lemma sq_le_xlogx_bregman_above:
  fixes w0 w :: real
  assumes w0: "0 < w0" and w: "w0 \<le> w"
  shows "(w - w0)^2 \<le> (w + w0) * xlogx_bregman w0 w"
proof -
  have "0 < w" using w0 w by simp
  have "w / w0 - 1 = (w - w0) / w0" "w / w0 + 1 = (w + w0) / w0"
    using w0 by (simp_all add: field_simps)
  then have "2 * (w - w0) / (w + w0) = 2 * (w / w0 - 1) / (w / w0 + 1)"
    using w0 \<open>0 < w\<close> by (simp add: divide_simps)
  also have "\<dots> \<le> ln (w / w0)"
    using w0 w by (intro ln_ge_two_mul_diff_div_add) simp
  finally have "w * (2 * (w - w0) / (w + w0)) \<le> w * (ln w - ln w0)"
    using \<open>0 < w\<close> w0 by (intro mult_left_mono) (simp_all add: ln_div)
  moreover have "w * (2 * (w - w0) / (w + w0)) - (w - w0) = (w - w0)^2 / (w + w0)"
    using \<open>0 < w\<close> w0 by (simp add: field_simps power2_eq_square)
  ultimately have "(w - w0)^2 / (w + w0) \<le> xlogx_bregman w0 w"
    using xlogx_bregman_pos_eq[OF w0 \<open>0 < w\<close>] by linarith
  then show ?thesis using w0 \<open>0 < w\<close> by (simp add: field_simps)
qed

lemma quadratic_form_nonneg:
  fixes P Q R X Y :: real
  assumes "0 < P" "R^2 \<le> P * Q"
  shows "0 \<le> P * X^2 - 2 * R * X * Y + Q * Y^2"
proof -
  have "P * (P * X^2 - 2 * R * X * Y + Q * Y^2) = (P * X - R * Y)^2 + (P * Q - R^2) * Y^2"
    by (simp add: power2_eq_square algebra_simps)
  also have "\<dots> \<ge> 0" using assms by simp
  finally show ?thesis using assms(1) by (simp add: zero_le_mult_iff)
qed

lemma discriminant_bound_above_mean:
  fixes w0 w :: real
  assumes w0: "0 < w0" and w: "w0 \<le> w" "w \<le> 3 * w0"
  shows "(3 * w0 * (w + w0))^2 \<le> (14 * w0 - w) * (w0 * (w + w0) * (3 * w - w0))"
proof -
  define v where "v = w - w0"
  have "v * v \<le> 2 * w0 * v" using w by (intro mult_right_mono) (simp_all add: v_def)
  moreover have "(14 * w0 - w) * (3 * w - w0) - 9 * w0 * (w + w0)
      = 8 * (w0 * w0) + 28 * (w0 * v) - 3 * (v * v)"
    by (simp add: v_def algebra_simps)
  moreover have "0 \<le> w0 * v" "0 \<le> w0 * w0" using w0 w by (simp_all add: v_def)
  ultimately have "9 * w0 * (w + w0) \<le> (14 * w0 - w) * (3 * w - w0)" by linarith
  then have "(w0 * (w + w0)) * (9 * w0 * (w + w0)) \<le> (w0 * (w + w0)) * ((14 * w0 - w) * (3 * w - w0))"
    using w0 w by (intro mult_left_mono) simp_all
  then show ?thesis by (simp add: power2_eq_square algebra_simps)
qed

lemma centered_bound_above_mean:
  fixes w0 w y0 u e :: real
  assumes w0: "0 < w0" and w: "w0 \<le> w" "w \<le> 3 * w0" and y0: "\<bar>y0\<bar> \<le> 1"
    and e: "(w - w0)^2 \<le> (w + w0) * e"
  shows "(w - w0)^2 + w0^2 * u^2 \<le> 3 * w0 * (5 * e + w * u^2 + 2 * y0 * (w - w0) * u)"
proof -
  define v where "v = w - w0"
  have "0 \<le> v" using w by (simp add: v_def)
  have disc: "0 \<le> (14 * w0 - w) * v^2 - 2 * (3 * w0 * (w + w0)) * v * \<bar>u\<bar>
      + (w0 * (w + w0) * (3 * w - w0)) * \<bar>u\<bar>^2"
    using w0 w discriminant_bound_above_mean by (intro quadratic_form_nonneg) simp_all
  have "\<bar>y0 * u\<bar> \<le> \<bar>u\<bar>"
    using y0 by (simp add: abs_mult mult_left_le_one_le)
  then have "- (v * \<bar>u\<bar>) \<le> v * (y0 * u)"
    using \<open>0 \<le> v\<close> mult_left_mono[of "- \<bar>u\<bar>" "y0 * u" v] by simp
  then have cross: "- (6 * w0 * (w + w0) * (v * \<bar>u\<bar>)) \<le> 6 * w0 * (w + w0) * (v * (y0 * u))"
    using w0 w mult_left_mono[of "- (v * \<bar>u\<bar>)" "v * (y0 * u)" "6 * w0 * (w + w0)"] by simp
  have ent: "15 * w0 * v^2 \<le> 15 * w0 * ((w + w0) * e)"
    using e w0 by (simp add: v_def)
  have "(w + w0) * (3 * w0 * (5 * e + w * u^2 + 2 * y0 * (w - w0) * u) - (w - w0)^2 - w0^2 * u^2)
      = 15 * w0 * ((w + w0) * e) + 6 * w0 * (w + w0) * (v * (y0 * u))
        + (w + w0) * (3 * w0 * w - w0^2) * u^2 - (w + w0) * v^2"
    by (simp add: v_def algebra_simps power2_eq_square)
  moreover have "(14 * w0 - w) * v^2 - 2 * (3 * w0 * (w + w0)) * v * \<bar>u\<bar>
        + (w0 * (w + w0) * (3 * w - w0)) * \<bar>u\<bar>^2
      = 15 * w0 * v^2 - 6 * w0 * (w + w0) * (v * \<bar>u\<bar>)
        + (w + w0) * (3 * w0 * w - w0^2) * u^2 - (w + w0) * v^2"
    by (simp add: algebra_simps power2_eq_square)
  ultimately have
    "0 \<le> (w + w0) * (3 * w0 * (5 * e + w * u^2 + 2 * y0 * (w - w0) * u) - (w - w0)^2 - w0^2 * u^2)"
    using disc cross ent by linarith
  then show ?thesis using w0 w by (simp add: zero_le_mult_iff)
qed

lemma centered_bound_below_mean:
  fixes w0 w y0 u e :: real
  assumes w0: "0 < w0" and w: "0 \<le> w" "w \<le> w0" and y0: "\<bar>y0\<bar> \<le> 1" and y: "\<bar>y0 + u\<bar> \<le> 1"
    and e: "(w - w0)^2 \<le> 2 * w0 * e"
  shows "(w - w0)^2 + w0^2 * u^2 \<le> 3 * w0 * (5 * e + w * u^2 + 2 * y0 * (w - w0) * u)"
proof -
  define a where "a = w0 - w"
  have a: "0 \<le> a" "a \<le> w0" using w by (simp_all add: a_def)
  have "0 \<le> 13 * a^2 + (4 * w0^2 - 6 * w0 * a) * u^2 - 12 * w0 * a * (y0 * u)"
  proof (cases "y0 * u \<le> 0")
    case True
    have "0 \<le> 13 * a^2 + (4 * w0^2 - 6 * w0 * a) * u^2"
    proof (cases "0 \<le> 4 * w0^2 - 6 * w0 * a")
      case False
      have "\<bar>u\<bar> \<le> 2" using y y0 by linarith
      then have "u^2 \<le> 2^2" by (metis abs_le_square_iff abs_numeral)
      then have "4 * (4 * w0^2 - 6 * w0 * a) \<le> (4 * w0^2 - 6 * w0 * a) * u^2"
        using False mult_left_mono_neg[of "u^2" 4 "4 * w0^2 - 6 * w0 * a"] by (simp add: mult.commute)
      moreover have "13 * a^2 + 4 * (4 * w0^2 - 6 * w0 * a) = (3 * a - 4 * w0)^2 + 4 * a^2"
        by (simp add: algebra_simps power2_eq_square)
      ultimately show ?thesis using zero_le_power2[of "3 * a - 4 * w0"] zero_le_power2[of a] by linarith
    qed simp
    moreover have "0 \<le> - (12 * w0 * a * (y0 * u))"
      using True w0 a by (simp add: mult_nonneg_nonpos)
    ultimately show ?thesis by linarith
  next
    case False
    have "\<bar>y0\<bar> + \<bar>u\<bar> = \<bar>y0 + u\<bar>"
      using False by (auto simp: abs_if zero_less_mult_iff not_le)
    then have "y0 * u \<le> (1 - \<bar>u\<bar>) * \<bar>u\<bar>"
      using y mult_right_mono[of "\<bar>y0\<bar>" "1 - \<bar>u\<bar>" "\<bar>u\<bar>"] by (simp add: abs_mult[symmetric])
    then have "12 * w0 * a * (y0 * u) \<le> 12 * w0 * a * (\<bar>u\<bar> - u^2)"
      using w0 a by (intro mult_left_mono) (simp_all add: algebra_simps power2_eq_square)
    moreover have "0 \<le> 13 * a^2 - 2 * (6 * w0) * a * \<bar>u\<bar> + (4 * w0^2 + 6 * w0 * a) * \<bar>u\<bar>^2"
      using w0 a by (intro quadratic_form_nonneg) (simp_all add: power2_eq_square algebra_simps)
    ultimately show ?thesis by (simp add: algebra_simps power2_eq_square)
  qed
  moreover have "15 * a^2 \<le> 15 * (2 * w0 * e)"
    using e by (simp add: a_def power2_commute mult_ac)
  moreover have "2 * (3 * w0 * (5 * e + w * u^2 + 2 * y0 * (w - w0) * u) - (w - w0)^2 - w0^2 * u^2)
      = 15 * (2 * w0 * e) + (4 * w0^2 - 6 * w0 * a) * u^2 - 12 * w0 * a * (y0 * u) - 2 * a^2"
    by (simp add: a_def algebra_simps power2_eq_square)
  ultimately have "0 \<le> 2 * (3 * w0 * (5 * e + w * u^2 + 2 * y0 * (w - w0) * u) - (w - w0)^2 - w0^2 * u^2)"
    by linarith
  then show ?thesis by simp
qed

lemma cross_le_sum_squares_centered:
  fixes v1 v2 v3 u1 u2 u3 :: real
  assumes "v1 + v2 + v3 = 0" "u1 + u2 + u3 = 0"
  shows "3 * \<bar>v1 * u2 - v2 * u1\<bar> \<le> v1^2 + v2^2 + v3^2 + u1^2 + u2^2 + u3^2"
proof -
  have sos: "0 \<le> 2 * (v1^2 + v1 * v2 + v2^2) + 2 * (U1^2 + U1 * U2 + U2^2) + 3 * (v1 * U2 - v2 * U1)"
    for U1 U2 :: real
  proof -
    have "2 * (v1^2 + v1 * v2 + v2^2) + 2 * (U1^2 + U1 * U2 + U2^2) + 3 * (v1 * U2 - v2 * U1)
        = 2 * (v1 + v2 / 2 + 3 * U2 / 4)^2 + 3 / 2 * (v2 - U1 - U2 / 2)^2 + 1 / 2 * (U1 + U2 / 2)^2
          + 3 / 8 * U2^2"
      by (simp add: power2_eq_square algebra_simps)
    also have "\<dots> \<ge> 0" by simp
    finally show ?thesis .
  qed
  have v3: "v3 = - (v1 + v2)" and u3: "u3 = - (u1 + u2)" using assms by simp_all
  have "v1^2 + v2^2 + v3^2 + u1^2 + u2^2 + u3^2
      = 2 * (v1^2 + v1 * v2 + v2^2) + 2 * (u1^2 + u1 * u2 + u2^2)"
    unfolding v3 u3 by (simp add: power2_eq_square algebra_simps)
  moreover have "\<bar>3 * (v1 * u2 - v2 * u1)\<bar> \<le> 2 * (v1^2 + v1 * v2 + v2^2) + 2 * (u1^2 + u1 * u2 + u2^2)"
    using sos[of u1 u2] sos[of "- u1" "- u2"] by (simp add: abs_le_iff algebra_simps)
  ultimately show ?thesis by (simp only: abs_mult abs_numeral)
qed

definition edge_reg :: "real \<Rightarrow> real \<Rightarrow> real" where
  "edge_reg w y = 5 * xlogx w + w * y^2"

(* (5 (1 + ln w0) + y0^2, 2 w0 y0) is the gradient of edge_reg at (w0, y0). *)
definition edge_reg_bregman :: "real \<Rightarrow> real \<Rightarrow> real \<Rightarrow> real \<Rightarrow> real" where
  "edge_reg_bregman w0 y0 w y =
     edge_reg w y - edge_reg w0 y0 - (5 * (1 + ln w0) + y0^2) * (w - w0) - 2 * w0 * y0 * (y - y0)"

lemma edge_reg_bregman_eq:
  "edge_reg_bregman w0 y0 w y = 5 * xlogx_bregman w0 w + w * (y - y0)^2 + 2 * y0 * (w - w0) * (y - y0)"
  by (simp add: edge_reg_bregman_def edge_reg_def xlogx_bregman_def power2_eq_square algebra_simps)

lemma edge_reg_bregman_lower_bound:
  fixes w0 w y0 y :: real
  assumes "0 < w0" "0 \<le> w" "w \<le> 3 * w0" "\<bar>y0\<bar> \<le> 1" "\<bar>y\<bar> \<le> 1"
  shows "(w - w0)^2 + w0^2 * (y - y0)^2 \<le> 3 * w0 * edge_reg_bregman w0 y0 w y"
proof (cases "w \<le> w0")
  case True
  then show ?thesis
    using assms sq_le_xlogx_bregman_below[of w0 w]
    by (simp add: edge_reg_bregman_eq centered_bound_below_mean)
next
  case False
  then show ?thesis
    using assms sq_le_xlogx_bregman_above[of w0 w]
    by (simp add: edge_reg_bregman_eq centered_bound_above_mean)
qed

lemma edge_reg_defect3_eq_bregman:
  assumes "wa + wb + wc = 3 * w0" "ya + yb + yc = 3 * y0"
  shows "edge_reg wa ya + edge_reg wb yb + edge_reg wc yc - 3 * edge_reg w0 y0
    = edge_reg_bregman w0 y0 wa ya + edge_reg_bregman w0 y0 wb yb + edge_reg_bregman w0 y0 wc yc"
proof -
  have "edge_reg_bregman w0 y0 wa ya + edge_reg_bregman w0 y0 wb yb + edge_reg_bregman w0 y0 wc yc
      = edge_reg wa ya + edge_reg wb yb + edge_reg wc yc - 3 * edge_reg w0 y0
        - (5 * (1 + ln w0) + y0^2) * (wa + wb + wc - 3 * w0) - 2 * w0 * y0 * (ya + yb + yc - 3 * y0)"
    unfolding edge_reg_bregman_def by (simp add: algebra_simps)
  with assms show ?thesis by simp
qed
(* Define $L_0 = 0^+$ and $L_k = L_{k-1} \cup L_{k-1}\, k\, \{0,\ldots,k-1\}^*$ for $k \ge 1$. For all $k \ge 0$ and all $x \in \mathbb{N}^*$ we have $\mathrm{alt}_{L_k}(x) \le 2^{k+2}-2$. Moreover, regarding $L_k$ as a language over the alphabet $\{0,\ldots,k\}$, $V_{L_k}(n) \le (2^{k+3}\cdot(k+3)+1)\cdot\log n + c_k$ for all sufficiently large $n$, where $c_k$ depends only on $k$.
   Context: Words are over the (infinite) alphabet $\mathbb{N}$ for the first claim. For a language $L$ and $x=a_1\cdots a_n$, a position $1\le i\le n$ is an $L$-alternation point if exactly one of $a_i\cdots a_n$ and $a_{i+1}\cdots a_n$ belongs to $L$; $\mathrm{alt}_L(x)$ is their number. $\log x=\lfloor\log_2 x\rfloor$. Variable-size sliding window model over a finite alphabet $\Sigma$: a streaming algorithm is a deterministic (possibly infinite-state) automaton with an injective encoding $\mathrm{enc}$ of states into bit strings; over $\overline\Sigma=\Sigma\cup\{\downarrow\}$ define $\mathrm{wnd}(\varepsilon)=\varepsilon$, $\mathrm{wnd}(ub)=\mathrm{wnd}(u)b$ ($b\in\Sigma$), $\mathrm{wnd}(u\!\downarrow)=\varepsilon$ if $\mathrm{wnd}(u)=\varepsilon$, $\mathrm{wnd}(u\!\downarrow)=v$ if $\mathrm{wnd}(u)=bv$. A variable-size sliding window algorithm for $L$ accepts $\{w\in\overline\Sigma^*:\mathrm{wnd}(w)\in L\}$ with space complexity $v_\mathcal{A}(n)=\max\{|\mathrm{enc}(\mathcal{A}(u'))|:u'\text{ prefix of }u,\ |\mathrm{wnd}(v)|\le n\text{ for all prefixes }v\text{ of }u\}$; $V_L(n)$ is the minimum of $v_\mathcal{A}(n)$ over all such algorithms. *)

theory Defs
  imports Complex_Main "HOL-Library.Extended_Nat" "HOL-Library.Sublist"
begin

fun Lk :: "nat \<Rightarrow> nat list set" where
  "Lk 0 = {w. w \<noteq> [] \<and> set w \<subseteq> {0}}"
| "Lk (Suc k) = Lk k \<union> {u @ [Suc k] @ v | u v. u \<in> Lk k \<and> set v \<subseteq> {0..k}}"

definition alt :: "'a list set \<Rightarrow> 'a list \<Rightarrow> nat" where
  "alt L x = card {i \<in> {1..length x}. (drop (i - 1) x \<in> L) \<noteq> (drop i x \<in> L)}"

datatype 'a wsym = Sym 'a | Pop

fun wnd_step :: "'a list \<Rightarrow> 'a wsym \<Rightarrow> 'a list" where
  "wnd_step w (Sym b) = w @ [b]"
| "wnd_step w Pop = tl w"

definition wnd :: "'a wsym list \<Rightarrow> 'a list" where
  "wnd u = foldl wnd_step [] u"

definition ext_alph :: "'a set \<Rightarrow> 'a wsym set" where
  "ext_alph S = Sym ` S \<union> {Pop}"

text \<open>States are taken from the countable type bool list,
  which is no loss of generality (only countably many states are reachable).\<close>
record 'a stream_alg =
  init :: "bool list"
  delta :: "bool list \<Rightarrow> 'a wsym \<Rightarrow> bool list"
  final :: "bool list set"
  enc :: "bool list \<Rightarrow> bool list"

definition run :: "'a stream_alg \<Rightarrow> 'a wsym list \<Rightarrow> bool list" where
  "run A u = foldl (delta A) (init A) u"

definition is_sw_alg :: "'a set \<Rightarrow> 'a list set \<Rightarrow> 'a stream_alg \<Rightarrow> bool" where
  "is_sw_alg \<Sigma> L A \<longleftrightarrow> inj (enc A) \<and>
     (\<forall>w \<in> lists (ext_alph \<Sigma>). run A w \<in> final A \<longleftrightarrow> wnd w \<in> L)"

definition space :: "'a set \<Rightarrow> 'a stream_alg \<Rightarrow> nat \<Rightarrow> enat" where
  "space \<Sigma> A n = Sup {enat (length (enc A (run A u'))) | u u'.
       u \<in> lists (ext_alph \<Sigma>) \<and> prefix u' u \<and>
       (\<forall>v. prefix v u \<longrightarrow> length (wnd v) \<le> n)}"

definition V :: "'a set \<Rightarrow> 'a list set \<Rightarrow> nat \<Rightarrow> enat" where
  "V \<Sigma> L n = Inf {space \<Sigma> A n | A. is_sw_alg \<Sigma> L A}"

end

theory Submission
  imports Defs
begin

**Exercise goal:** Please report the number of lines in the data that include the word "unfolding", and add no other text.

**Response box:** 2